Unfortunately, in practice, not every supervisor is someone who holds up a mirror to others, observes Baptiest Coopmans, a supervisory board member at a number of large Dutch companies. Coopmans points out that good supervisory board members must, at their core, be able to remain highly independent in their judgment and actions. ‘The question is whether that is even possible in the relatively small Dutch supervisory board world, where we run into each other frequently, and where dependencies inevitably arise.’ He believes that greater breadth and diversity on supervisory boards would make difficult conversations considerably easier.

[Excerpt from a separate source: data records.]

(* Let $M(C,\bar\xi,\pi)$ be a Myller configuration with Darboux frame $(\bar\xi,\bar\mu,\bar v)$ and invariants $G,K,T$, with $(G(s),K(s))\neq(0,0)$ for all $s$. Then: (i) if $K\equiv 0$, $C$ is a $\bar\xi$-helix iff $\sigma_\xi=\pm T/G$ is constant; (ii) if $G\equiv 0$, $C$ is a $\bar\xi$-helix iff $\sigma_\xi=\pm T/K$ is constant; (iii) if $T\equiv 0$, $C$ is a $\bar\xi$-helix iff $\sigma_\xi=\mp\dfrac{G'K-GK'}{(G^2+K^2)^{3/2}}$ is constant.
   Context: Let $C$ be a smooth curve in Euclidean 3-space $E^3$ parametrized by arclength $s$; primes denote $d/ds$. A Myller configuration $M(C,\bar\xi,\pi)$ consists of a smooth unit vector field $\bar\xi(s)$ along $C$ and a smooth field of oriented planes $\pi(s)$ with $\bar\xi(s)\in\pi(s)$. Let $\bar v(s)$ be the unit normal of $\pi(s)$ and $\bar\mu=\bar v\times\bar\xi$. The Darboux frame satisfies $\bar\xi'=G\bar\mu+K\bar v$, $\bar\mu'=-G\bar\xi+T\bar v$, $\bar v'=-K\bar\xi-T\bar\mu$. $C$ is a $\bar\xi$-helix in $M$ if there are a constant unit vector $\bar d_\xi$ and a constant $\theta$ with $\langle\bar\xi,\bar d_\xi\rangle=\cos\theta$ along $C$. *)

theory Defs
  imports "HOL-Analysis.Analysis"
begin

definition smooth_real_on :: "real set \<Rightarrow> (real \<Rightarrow> real) \<Rightarrow> bool" where
  "smooth_real_on I f \<longleftrightarrow> (\<forall>n. \<forall>s\<in>I. ((deriv ^^ n) f) field_differentiable (at s))"

definition smooth_vec_on :: "real set \<Rightarrow> (real \<Rightarrow> real^3) \<Rightarrow> bool" where
  "smooth_vec_on I f \<longleftrightarrow> (\<forall>i. smooth_real_on I (\<lambda>s. f s $ i))"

All too often, the result is what Van Eijbergen calls ‘pluralistic ignorance’: everyone in the boardroom assumes that the others are satisfied and remains silent. Until one person dares to say what they really think. ‘That is when the conversation gets going,’ says Van Eijbergen. As long as no one does that, the group’s average intelligence drops – and the group allows more risks than any individual would on their own.
But how to get that conversation started? Coopmans notes that timely or appropriate intervention is always the challenge. ‘That is complicated not only as a supervisory board member, but also in one’s private life. You are often too fast, too late, or you talk too much yourself. Timing is everything.’

In practice, a small, decisive intervention can be enough. Coopmans cites examples such as a one-on-one conversation with a director outside the meeting, followed by an agreement that the director will raise the topic themselves at a subsequent meeting. Or allowing the discussion of a topic to be postponed but still insisting that it be put back on the agenda as soon as possible.

It is precisely these kinds of interventions that can create a difference. That is why Van Geest hopes that the 200 attendees will ask themselves the next workday: ‘What small inconvenience do we choose today to prevent the major inconvenience tomorrow?’

Den Ottolander concludes with a call to look in the mirror, even if you do not like what you see, to let yourself be reflected and accept that reflection, and to look beyond the mirror to discover a larger reality. Bolstered by trust and integrity, steps can be taken to gain a better understanding of reality.

This article was published in Management Scope 04 2026.